Chia Hsin Cement Greater China Holding is boosting its export business after earnings plunged 99.2 per cent last year.  The Taiwanese-run cement manufacturer yesterday reported that net profit fell to US$103,000 last year from US$14.69m in 2004, although revenue rose 11.6 per cent to US$91.48m. It blamed surging fuel costs and macroeconomic curbs on the mainland for the result. 
 
"The cement market has bottomed out, and recovery, which started in the second half of last year, is expected to continue this year," chief executive Jason Chang Kang-lung said. "We also expect energy costs to stabilise this year," he said, noting that prices of coal fuel jumped 19.9 per cent and electricity costs rose 9.1 per cent last year. 
 
Mr Chang said the company would step up its export business, which is expected to generate 80 per cent of the profit this year. It contributed 57.4 per cent of the gross profit last year, up from 15.4 per cent in 2004.
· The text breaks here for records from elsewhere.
lemma antipodal_blocks_of_heavy_cycle:
  assumes len: "length L = N" and K: "1 \<le> K"
    and heavy: "4 * N * (K - 1) + N * N + 4 * cluster_threshold N K * N < 4 * sum_list L"
  shows "\<exists>r ms. list_all2 (\<le>) ms (rotate r L) \<and> antipodal N (blocks ms)"
proof (cases "\<exists>t<N. N \<le> L ! t")
  case True
  then show ?thesis using antipodal_blocks_large_entry len by blast
next
  case False
  then have small: "\<And>t. t < N \<Longrightarrow> L ! t \<le> N" by (meson nat_le_linear)
  obtain H where H: "K \<le> H" "cyclic_dense {t. t < N \<and> K \<le> L ! t} N H"
    and E: "cluster_threshold N K < card {t. t < N \<and> H \<le> L ! t}"
    using heavy_density_scale[OF len K small heavy] by blast
  define E where "E = {t. t < N \<and> H \<le> L ! t}"
  define q where "q = 2 * N div K + 1"
  have E_big: "(q - 1) * ((N + K - 1) div K) + K + q \<le> card E"
    using E by (simp add: cluster_threshold_def q_def E_def)
  obtain c where "q \<le> card {t\<in>E. c * K \<le> t \<and> t < c * K + K}"
    using window_pigeonhole[of E N K q] E_big K by (auto simp: E_def)
  then obtain X where X: "X \<subseteq> {t\<in>E. c * K \<le> t \<and> t < c * K + K}" "card X = q"
    by (meson obtain_subset_with_card_n)
  have "finite X" "X \<noteq> {}" using X(2) by (auto simp: q_def intro: card_ge_0_finite)
  moreover have "X \<subseteq> {..<N}" "\<And>x. x \<in> X \<Longrightarrow> H \<le> L ! x" using X(1) by (auto simp: E_def)
  moreover have "y < x + K" if "x \<in> X" "y \<in> X" for x y
  proof -
    have "c * K \<le> x" "y < c * K + K" using X(1) that by auto
    then show ?thesis by simp
  qed
  moreover have "K + card X \<le> card {t. t < N \<and> K \<le> L ! t}"
  proof -
    have "E \<subseteq> {t. t < N \<and> K \<le> L ! t}" using H(1) by (auto simp: E_def)
    then have "card E \<le> card {t. t < N \<and> K \<le> L ! t}" by (intro card_mono) simp
    then show ?thesis using E_big X(2) by linarith
  qed
  moreover have "2 * N < card X * H"
  proof -
    have "2 * N div K * K + 2 * N mod K = 2 * N" by (rule div_mult_mod_eq)
    moreover have "2 * N mod K < K" using K by simp
    moreover have "q * K = 2 * N div K * K + K" by (simp add: q_def)
    ultimately have "2 * N < q * K" by linarith
    then show ?thesis using H(1) X(2) by (meson less_le_trans mult_le_mono2)
  qed
  ultimately show ?thesis using antipodal_blocks_rotated_cluster[OF len] H(2) by blast
qed
definition row_average :: "nat \<Rightarrow> nat \<Rightarrow> real" where
  "row_average m p = (\<Sum>i<m. 1 / real m * indicator (even_row_odd_rest m i) p)"

lemma row_average_in_polytope:
  assumes "0 < m"
  shows "row_average m \<in> indicator_polytope (feasible m)"
  unfolding row_average_def[abs_def]
  using assms even_row_odd_rest_feasible
  by (intro convex_combination_in_indicator_polytope) (auto simp: finite_feasible)

lemma row_average_even_cell:
  assumes "i < m" "p \<in> even_cells m i"
  shows "row_average m p = 1 / real m"
proof -
  obtain k where "k \<le> m" "p = cell m i (2 * k)" using assms(2) by (auto simp: even_cells_def)
  then have "indicator (even_row_odd_rest m i') p = (if i' = i then 1 else 0 :: real)"
    if "i' < m" for i'
    using that assms(1) by (auto simp: indicator_def cell_in_even_row_odd_rest)
  then have "row_average m p = (\<Sum>i'<m. if i' = i then 1 / real m else 0)"
    unfolding row_average_def by (intro sum.cong) auto
  then show ?thesis using assms(1) by simp
qed

lemma multilinear_ext_coverage_row_average:
  assumes "0 < m"
  shows "multilinear_ext {..<m * (2 * m + 1)} (coverage {..<m} (even_cells m)) (row_average m)
    = real m * (1 - (1 - 1 / real m) ^ (m + 1))"
proof -
  have "multilinear_ext {..<m * (2 * m + 1)} (coverage {..<m} (even_cells m)) (row_average m)
      = (\<Sum>i<m. 1 - (\<Prod>p\<in>even_cells m i. 1 - row_average m p))"
    by (rule multilinear_ext_coverage) (use even_cells_subset in auto)
  also have "\<dots> = (\<Sum>i<m. 1 - (1 - 1 / real m) ^ (m + 1))"
    by (intro sum.cong refl) (simp add: row_average_even_cell card_even_cells)
  finally show ?thesis by simp
qed

lemma sqrt_le_multilinear_ext_coverage_row_average:
  assumes "0 < m"
  shows "1 / 4 * sqrt (real (m * (2 * m + 1)))
    \<le> multilinear_ext {..<m * (2 * m + 1)} (coverage {..<m} (even_cells m)) (row_average m)"
proof -
  have "real (m * (2 * m + 1)) \<le> (2 * real m) ^ 2"
    using assms by (simp add: power2_eq_square algebra_simps)
  then have "sqrt (real (m * (2 * m + 1))) \<le> 2 * real m"
    by (simp add: real_sqrt_le_iff')
  moreover have "real m * (1 / 2) \<le> real m * (1 - (1 - 1 / real m) ^ (m + 1))"
    using one_minus_inverse_power_le_half[OF assms] by (intro mult_left_mono) auto
  ultimately show ?thesis
    unfolding multilinear_ext_coverage_row_average[OF assms] by linarith
qed

theorem theorem3p2:
  shows "\<exists>c::real > 0. \<forall>N::nat. \<exists>n\<ge>N.
    \<exists>(f :: nat set \<Rightarrow> real) (G :: nat \<Rightarrow> nat set) (m :: nat) (k :: nat \<Rightarrow> nat)
      (Vc :: nat \<Rightarrow> nat set) (C :: nat) (l :: nat \<Rightarrow> nat) (u :: nat \<Rightarrow> nat).
      nonneg_set_fun {..<n} f \<and> submodular {..<n} f \<and> monotone_set_fun {..<n} f
      \<and> is_partition {..<n} G {..<m}
      \<and> is_partition {..<n} Vc {..<C} \<and> (\<forall>c<C. l c \<le> u c)
      \<and> partition_matroid {..<n} G m k \<inter> fair_sets {..<n} Vc C l u \<noteq> {}
      \<and> Max (f ` (partition_matroid {..<n} G m k \<inter> fair_sets {..<n} Vc C l u)) = 1
      \<and> (\<exists>x \<in> indicator_polytope (partition_matroid {..<n} G m k \<inter> fair_sets {..<n} Vc C l u).
           multilinear_ext {..<n} f x \<ge> c * sqrt (real n))"
proof (intro exI[of _ "1/4 :: real"] conjI allI, goal_cases)
  case 1
  then show ?case by simp
next
  case (2 N)
  define m where "m = Suc N"
  have m: "0 < m" and "N \<le> m * (2 * m + 1)" by (simp_all add: m_def)
  with coverage_nonneg coverage_submodular[OF finite_lessThan] coverage_mono[OF finite_lessThan]
    is_partition_matroid_block[OF m] is_partition_colour_group[OF m] feasible_nonempty[OF m]
    max_coverage_feasible[OF m] row_average_in_polytope[OF m]
    sqrt_le_multilinear_ext_coverage_row_average[OF m]
  show ?case unfolding feasible_def by blast
qed

end
(* Let $\mathcal{M}$ be a mesh of $\Omega$, $N\ge 2$, $\delta t=T/N$, and consider any solution of the scheme described in the context. For every dual face $\epsilon$ write $|\mathbf{u}^n_\epsilon|^2=\sum_{i=1}^d(u^n_{\epsilon,i})^2$, and define, for $K\in\mathcal{M}$, $\sigma\in\mathcal{E}(K)$ and $0\le n\le N$, $|K|\,(\rho E_k)^n_K=\frac14\sum_{\sigma\in\mathcal{E}(K)}|D_\sigma|\,\rho^n_{D_\sigma}\,|\mathbf{u}^n_\sigma|^2$, and, for $0\le n\le N-1$, $(G_k)^n_{K,\sigma}=-\frac14\sum_{\epsilon\in\mathcal{E}(D_\sigma),\,\epsilon\subset K}F^n_{\sigma,\epsilon}|\mathbf{u}^n_\epsilon|^2+\frac14\sum_{\epsilon\in\mathcal{E}(D_\sigma),\,\epsilon\not\subset K}F^n_{\sigma,\epsilon}|\mathbf{u}^n_\epsilon|^2$. Then for every $0\le n\le N-2$ and every $K\in\mathcal{M}$, $\frac{|K|}{\delta t}\Big[\big(\rho^{n+2}_Ke^{n+2}_K+(\rho E_k)^{n+1}_K\big)-\big(\rho^{n+1}_Ke^{n+1}_K+(\rho E_k)^n_K\big)\Big]+\sum_{\sigma\in\mathcal{E}(K)}\big(F^{n+1}_{K,\sigma}e^{n+1}_\sigma+(G_k)^n_{K,\sigma}\big)+\sum_{\sigma\in\mathcal{E}(K)\cap\mathcal{E}_{\rm int},\,\sigma=K|L}|\sigma|\,\frac{p^{n+1}_K+p^{n+1}_L}{2}\,\mathbf{u}^{n+1}_\sigma\cdot\mathbf{n}_{K,\sigma}=0$.
   Context: Let $\Omega\subset\mathbb{R}^d$ ($1\le d\le 3$) be an open bounded connected polyhedral set and $T>0$. A mesh $\mathcal{M}$ of $\Omega$ is a finite family of compact connected cells with pairwise disjoint interiors whose union is $\overline{\Omega}$; cells are intervals ($d=1$), quadrangles ($d=2$) or hexahedra ($d=3$), and the mesh is conforming. $\mathcal{E}(K)$ is the set of faces of $K$, with $\zeta$ elements ($\zeta=2,4,6$ for $d=1,2,3$); $\mathcal{E}$ is the set of faces, $\mathcal{E}_{\rm int}$ the faces shared by two distinct cells (written $\sigma=K|L$), $\mathcal{E}_{\rm ext}=\mathcal{E}\setminus\mathcal{E}_{\rm int}$; $\mathbf{n}_{K,\sigma}$ unit normal to $\sigma$ outward $K$, $(\mathbf{n}_{K,\sigma})_i$ its $i$-th component; $|A|$ Lebesgue measure. Dual mesh: each $K$ is partitioned into half-diamond cells $D_{K,\sigma}$, $\sigma\in\mathcal{E}(K)$, with $|D_{K,\sigma}|=|K|/\zeta$; $D_\sigma=D_{K,\sigma}\cup D_{L,\sigma}$ if $\sigma=K|L$, $D_\sigma=D_{K,\sigma}$ if $\sigma\in\mathcal{E}_{\rm ext}\cap\mathcal{E}(K)$. A dual face $\epsilon=\sigma|\sigma'$ is the common boundary of two half-diamond cells $D_{K,\sigma},D_{K,\sigma'}$ of a same cell $K$ (connectivity of the reference square/cube), written $\epsilon\subset K$; $\mathcal{E}(D_\sigma)$ is the set of dual faces of $D_\sigma$. Time: $t_n=n\delta t$. The scheme: let $\gamma>1$, $\rho_0,e_0\in L^\infty(\Omega)$ with $\rho_0>0$, $e_0>0$, and $\mathbf{u}_0\in L^\infty(\Omega)^d$. A solution is a family of reals $\rho^n_K,e^n_K,p^n_K$ ($K\in\mathcal{M}$) and vectors $\mathbf{u}^n_\sigma=(u^n_{\sigma,1},\dots,u^n_{\sigma,d})$ ($\sigma\in\mathcal{E}$), $0\le n\le N$, such that: (i) $\rho^0_K=\frac{1}{|K|}\int_K\rho_0$, $e^0_K=\frac1{|K|}\int_Ke_0$, $\mathbf{u}^0_\sigma=\frac{1}{|D_\sigma|}\int_{D_\sigma}\mathbf{u}_0$, and $p^n_K=(\gamma-1)\rho^n_Ke^n_K$ for all $n$. (ii) Fluxes: for $\sigma=K|L$, $F^n_{K,\sigma}=|\sigma|\rho^n_\sigma\mathbf{u}^n_\sigma\cdot\mathbf{n}_{K,\sigma}$ with $\rho^n_\sigma$ a convex combination of $\rho^n_K,\rho^n_L$; $F^n_{K,\sigma}=0$ if $\sigma\in\mathcal{E}_{\rm ext}$. Dual densities: $\rho^n_{D_\sigma}=(|D_{K,\sigma}|\rho^n_K+|D_{L,\sigma}|\rho^n_L)/|D_\sigma|$ if $\sigma=K|L$, $\rho^n_{D_\sigma}=\rho^n_K$ if $\sigma\in\mathcal{E}_{\rm ext}\cap\mathcal{E}(K)$. Dual fluxes $F^n_{\sigma,\epsilon}$ ($\epsilon\in\mathcal{E}(D_\sigma)$) satisfy: (a) $F^n_{\sigma,\epsilon}=-F^n_{\sigma',\epsilon}$ for $\epsilon=\sigma|\sigma'$; (b) for every $K$ and $\sigma\in\mathcal{E}(K)$, $F^n_{K,\sigma}+\sum_{\epsilon\in\mathcal{E}(D_\sigma),\epsilon\subset K}F^n_{\sigma,\epsilon}=\frac1\zeta\sum_{\sigma'\in\mathcal{E}(K)}F^n_{K,\sigma'}$; (c) for $\epsilon\in\mathcal{E}(D_\sigma)$, $\epsilon\subset K$, $F^n_{\sigma,\epsilon}=\sum_{\sigma'\in\mathcal{E}(K)}\xi_{\epsilon,\sigma'}F^n_{K,\sigma'}$ with real coefficients depending only on the relative positions of $\epsilon,\sigma'$ in the cell (fixed, independent of $K$ and the mesh). (iii) For $0\le n\le N-1$ and $K\in\mathcal{M}$: $\frac{|K|}{\delta t}(\rho^{n+1}_K-\rho^n_K)+\sum_{\sigma\in\mathcal{E}(K)}F^n_{K,\sigma}=0$ and $\frac{|K|}{\delta t}(\rho^{n+1}_Ke^{n+1}_K-\rho^n_Ke^n_K)+\sum_{\sigma\in\mathcal{E}(K)}F^n_{K,\sigma}e^n_\sigma+|K|p^n_K(\operatorname{div}\mathbf{u})^n_K=S^n_K$, where $e^n_\sigma$ is a convex combination of $e^n_K,e^n_L$ for $\sigma=K|L$ and $(\operatorname{div}\mathbf{u})^n_K=\frac1{|K|}\sum_{\sigma\in\mathcal{E}(K)}|\sigma|\mathbf{u}^n_\sigma\cdot\mathbf{n}_{K,\sigma}$. (iv) For $0\le n\le N-1$, $1\le i\le d$ and $\sigma=K|L\in\mathcal{E}_{\rm int}$: $\frac{|D_\sigma|}{\delta t}(\rho^{n+1}_{D_\sigma}u^{n+1}_{\sigma,i}-\rho^n_{D_\sigma}u^n_{\sigma,i})+\sum_{\epsilon\in\mathcal{E}(D_\sigma)}F^n_{\sigma,\epsilon}u^n_{\epsilon,i}+|\sigma|(p^{n+1}_L-p^{n+1}_K)(\mathbf{n}_{K,\sigma})_i=0$, where for each dual face $\epsilon=\sigma|\sigma'$, $u^n_{\epsilon,i}$ is a single real which is a convex combination of $u^n_{\sigma,i}$ and $u^n_{\sigma',i}$; for $\sigma\in\mathcal{E}_{\rm ext}\cap\mathcal{E}(K)$, $\mathbf{u}^n_\sigma\cdot\mathbf{n}_{K,\sigma}=0$ for all $n$ and the same equation holds with the pressure term replaced by $g^{n+1}_\sigma(\mathbf{n}_{K,\sigma})_i$ for some real $g^{n+1}_\sigma$. (v) $S^0_K=0$ and, for $0\le n\le N-1$, $S^{n+1}_K=\frac12\sum_{i=1}^d\sum_{\sigma\in\mathcal{E}(K)}R^{n+1}_{\sigma,i}$ with $R^{n+1}_{\sigma,i}=\frac12\frac{|D_\sigma|}{\delta t}\rho^{n+1}_{D_\sigma}(u^{n+1}_{\sigma,i}-u^n_{\sigma,i})^2-\frac12\sum_{\epsilon\in\mathcal{E}(D_\sigma)}F^n_{\sigma,\epsilon}(u^n_{\epsilon,i}-u^n_{\sigma,i})^2+(u^{n+1}_{\sigma,i}-u^n_{\sigma,i})\sum_{\epsilon\in\mathcal{E}(D_\sigma)}F^n_{\sigma,\epsilon}(u^n_{\epsilon,i}-u^n_{\sigma,i})$. *)

theory Defs
  imports "HOL-Analysis.Analysis"
begin

text \<open>A reference square/cube has faces labelled by (direction, side) :: 'd \<times> bool;
  each cell carries a bijection from its faces onto these reference faces, which
  encodes the connectivity of the reference cell.\<close>

record ('c, 'f, 'd::finite) mesh =
  cells :: "'c set"
  faces_of :: "'c \<Rightarrow> 'f set"
  cell_set :: "'c \<Rightarrow> (real^'d) set"
  half_diamond :: "'c \<Rightarrow> 'f \<Rightarrow> (real^'d) set"
  face_meas :: "'f \<Rightarrow> real"
  normal :: "'c \<Rightarrow> 'f \<Rightarrow> real^'d"
  label :: "'c \<Rightarrow> 'f \<Rightarrow> 'd \<times> bool"

definition zeta :: "('c, 'f, 'd::finite) mesh \<Rightarrow> nat" where
  "zeta M = 2 * CARD('d)"

definition cmeas :: "('c, 'f, 'd::finite) mesh \<Rightarrow> 'c \<Rightarrow> real" where
  "cmeas M K = measure lebesgue (cell_set M K)"

definition faces :: "('c, 'f, 'd::finite) mesh \<Rightarrow> 'f set" where
  "faces M = (\<Union>K\<in>cells M. faces_of M K)"

definition cells_of :: "('c, 'f, 'd::finite) mesh \<Rightarrow> 'f \<Rightarrow> 'c set" where
  "cells_of M \<sigma> = {K \<in> cells M. \<sigma> \<in> faces_of M K}"

definition interior_faces :: "('c, 'f, 'd::finite) mesh \<Rightarrow> 'f set" where
  "interior_faces M = {\<sigma> \<in> faces M. \<exists>K\<in>cells M. \<exists>L\<in>cells M.
      K \<noteq> L \<and> \<sigma> \<in> faces_of M K \<and> \<sigma> \<in> faces_of M L}"

definition exterior_faces :: "('c, 'f, 'd::finite) mesh \<Rightarrow> 'f set" where
  "exterior_faces M = faces M - interior_faces M"

definition neighbor :: "('c, 'f, 'd::finite) mesh \<Rightarrow> 'c \<Rightarrow> 'f \<Rightarrow> 'c" where
  "neighbor M K \<sigma> = (THE L. L \<in> cells M \<and> L \<noteq> K \<and> \<sigma> \<in> faces_of M L)"

definition hd_meas :: "('c, 'f, 'd::finite) mesh \<Rightarrow> 'c \<Rightarrow> 'f \<Rightarrow> real" where
  "hd_meas M K \<sigma> = cmeas M K / real (zeta M)"

definition dual_meas :: "('c, 'f, 'd::finite) mesh \<Rightarrow> 'f \<Rightarrow> real" where
  "dual_meas M \<sigma> = (\<Sum>K\<in>cells_of M \<sigma>. hd_meas M K \<sigma>)"

definition dual_set :: "('c, 'f, 'd::finite) mesh \<Rightarrow> 'f \<Rightarrow> (real^'d) set" where
  "dual_set M \<sigma> = (\<Union>K\<in>cells_of M \<sigma>. half_diamond M K \<sigma>)"

text \<open>Dual face \<epsilon> = \<sigma>|\<sigma>' inside K: the half-diamond cells D_{K,\<sigma>} and D_{K,\<sigma>'} share a
  face, i.e. \<sigma>, \<sigma>' are distinct faces of K which are not opposite in the reference
  square/cube (for d = 1 the two halves of the interval share the midpoint).\<close>
definition adj :: "('c, 'f, 'd::finite) mesh \<Rightarrow> 'c \<Rightarrow> 'f \<Rightarrow> 'f \<Rightarrow> bool" where
  "adj M K \<sigma> \<sigma>' \<longleftrightarrow> K \<in> cells M \<and> \<sigma> \<in> faces_of M K \<and> \<sigma>' \<in> faces_of M K \<and> \<sigma> \<noteq> \<sigma>' \<and>
     (CARD('d) = 1 \<or> fst (label M K \<sigma>) \<noteq> fst (label M K \<sigma>'))"

text \<open>E(D_\<sigma>): the dual face \<epsilon> = \<sigma>|\<sigma>' \<subset> K is represented by the pair (K, \<sigma>').\<close>
definition dual_faces :: "('c, 'f, 'd::finite) mesh \<Rightarrow> 'f \<Rightarrow> ('c \<times> 'f) set" where
  "dual_faces M \<sigma> = {(K, \<sigma>'). K \<in> cells_of M \<sigma> \<and> adj M K \<sigma> \<sigma>'}"

definition omega :: "('c, 'f, 'd::finite) mesh \<Rightarrow> (real^'d) set" where
  "omega M = interior (\<Union>K\<in>cells M. cell_set M K)"

definition is_mesh :: "('c, 'f, 'd::finite) mesh \<Rightarrow> bool" where
  "is_mesh M \<longleftrightarrow>
     CARD('d) \<le> 3 \<and>
     finite (cells M) \<and> cells M \<noteq> {} \<and>
     connected (omega M) \<and>
     closure (omega M) = (\<Union>K\<in>cells M. cell_set M K) \<and>
     (\<forall>K\<in>cells M. compact (cell_set M K) \<and> connected (cell_set M K) \<and> cmeas M K > 0) \<and>
     (\<forall>K\<in>cells M. \<forall>L\<in>cells M. K \<noteq> L \<longrightarrow>
        interior (cell_set M K) \<inter> interior (cell_set M L) = {}) \<and>
     (\<forall>K\<in>cells M. bij_betw (label M K) (faces_of M K) UNIV) \<and>
     (\<forall>\<sigma>\<in>faces M. face_meas M \<sigma> > 0 \<and> card (cells_of M \<sigma>) \<le> 2) \<and>
     (\<forall>K\<in>cells M. \<forall>\<sigma>\<in>faces_of M K. norm (normal M K \<sigma>) = 1) \<and>
     (\<forall>K\<in>cells M. \<forall>L\<in>cells M. \<forall>\<sigma>. K \<noteq> L \<and> \<sigma> \<in> faces_of M K \<and> \<sigma> \<in> faces_of M L \<longrightarrow>
        normal M L \<sigma> = - normal M K \<sigma>) \<and>
     (\<forall>K\<in>cells M.
        (\<Union>\<sigma>\<in>faces_of M K. half_diamond M K \<sigma>) = cell_set M K \<and>
        (\<forall>\<sigma>\<in>faces_of M K. half_diamond M K \<sigma> \<in> sets lebesgue \<and>
            measure lebesgue (half_diamond M K \<sigma>) = cmeas M K / real (zeta M)) \<and>
        (\<forall>\<sigma>\<in>faces_of M K. \<forall>\<sigma>'\<in>faces_of M K. \<sigma> \<noteq> \<sigma>' \<longrightarrow>
            interior (half_diamond M K \<sigma>) \<inter> interior (half_diamond M K \<sigma>') = {}))"
lemma window_less_window:
  assumes "0 < eps" "s < c"
    and "\<And>z. z \<in> {y - eps<..y + eps} \<Longrightarrow> f z \<le> s"
    and "\<And>z. z \<in> {y' - eps<..y' + eps} \<Longrightarrow> c \<le> f z"
  shows "window eps y < window eps y'"
proof -
  have "window eps y \<le> 2 * eps * s"
    using assms by (intro window_le) auto
  also have "\<dots> < 2 * eps * c"
    using assms by simp
  also have "\<dots> \<le> window eps y'"
    using assms by (intro window_ge) auto
  finally show ?thesis .
qed

lemma modal_midpoint_exists:
  assumes "0 < eps"
  shows "\<exists>x. modal_midpoint distr eps x"
proof -
  let ?S = "{lo - eps..hi + eps}"
  have "window eps = (\<lambda>y. cdf_of distr (y + eps) - cdf_of distr (y - eps))"
    using window_eq_cdf_of_diff[OF assms] by (intro ext)
  moreover have "isCont (\<lambda>y. cdf_of distr (y + eps) - cdf_of distr (y - eps)) y" for y
    by (intro continuous_intros isCont_o2[where g = "cdf_of distr", OF _ isCont_cdf_of])
  ultimately have "continuous_on ?S (window eps)"
    by (simp add: continuous_at_imp_continuous_on)
  then obtain x where "\<forall>y \<in> ?S. window eps y \<le> window eps x"
    using continuous_attains_sup[of ?S "window eps"] lo_le_hi assms by auto
  moreover have "window eps y \<le> window eps x" if "y \<notin> ?S" for y
  proof -
    have "window eps y \<le> 2 * eps * 0"
      using assms that vanishing_outside by (intro window_le) auto
    also have "\<dots> \<le> window eps x"
      using assms nonneg by (intro window_ge) auto
    finally show ?thesis .
  qed
  ultimately show ?thesis
    using modal_midpoint_iff_window_max[OF assms] by blast
qed

lemma eventually_window_max_near:
  assumes "well_separated_max f m" and "0 < delta"
  shows "\<forall>\<^sub>F eps in at_right 0. \<forall>y. delta \<le> \<bar>y - m\<bar> \<longrightarrow> window eps y < window eps m"
proof -
  obtain s where s: "s < f m" "\<And>x. delta / 2 \<le> \<bar>x - m\<bar> \<Longrightarrow> f x \<le> s"
    using assms unfolding well_separated_max_def by (meson half_gt_zero)
  have "0 < (f m - s) / 2"
    using s(1) by simp
  then obtain d where d: "0 < d" "\<And>x. dist x m < d \<Longrightarrow> dist (f x) (f m) < (f m - s) / 2"
    using continuous[of m] unfolding continuous_at_eps_delta by blast
  have "\<forall>\<^sub>F eps in at_right 0. eps \<in> {0<..<min d (delta / 2)}"
    using d(1) assms(2) by (intro eventually_at_right_real) simp
  then show ?thesis
  proof eventually_elim
    case (elim eps)
    then have eps: "0 < eps" "eps < d" "eps < delta / 2"
      by simp_all
    show ?case
    proof (intro allI impI)
      fix y assume y: "delta \<le> \<bar>y - m\<bar>"
      show "window eps y < window eps m"
      proof (rule window_less_window[where c = "(f m + s) / 2"])
        fix z assume "z \<in> {y - eps<..y + eps}"
        then have "\<bar>z - y\<bar> \<le> eps"
          by auto
        then have "delta / 2 \<le> \<bar>z - m\<bar>"
          using eps y by linarith
        then show "f z \<le> s"
          by (rule s(2))
      next
        fix z assume "z \<in> {m - eps<..m + eps}"
        then have "dist z m < d"
          using eps by (auto simp: dist_real_def)
        then have "\<bar>f z - f m\<bar> < (f m - s) / 2"
          using d(2) by (simp add: dist_real_def)
        then show "(f m + s) / 2 \<le> f z"
          unfolding abs_less_iff by (simp add: field_simps)
      qed (use eps s(1) in simp_all)
    qed
  qed
qed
"Our export business is the key to profitability," he said.  The company exports to North America as well as Asia, including New Zealand, and Africa. 
 
Domestically, preparations for the 2008 Olympic Games are boosting demand for cement, according to Mr Chang. Prices of cement are also expected to stabilise this year.  However, he predicted further consolidation and restructuring in the industry. 
 
The group planned to set aside US$40m to US$60m for mergers and acquisitions, and had been in talks with potential targets.  An acquisition deal was expected to be concluded by the end of this year, Mr Chang said. 
 
China’s campaign to halt overproduction in certain industries to prevent overheating in the economy has severely affected the cement sector.  Last week, competitor China Resources Cement announced an 84.79 per cent plunge in net profit last year.  Chia Hsin shares yesterday closed unchanged at $1.06.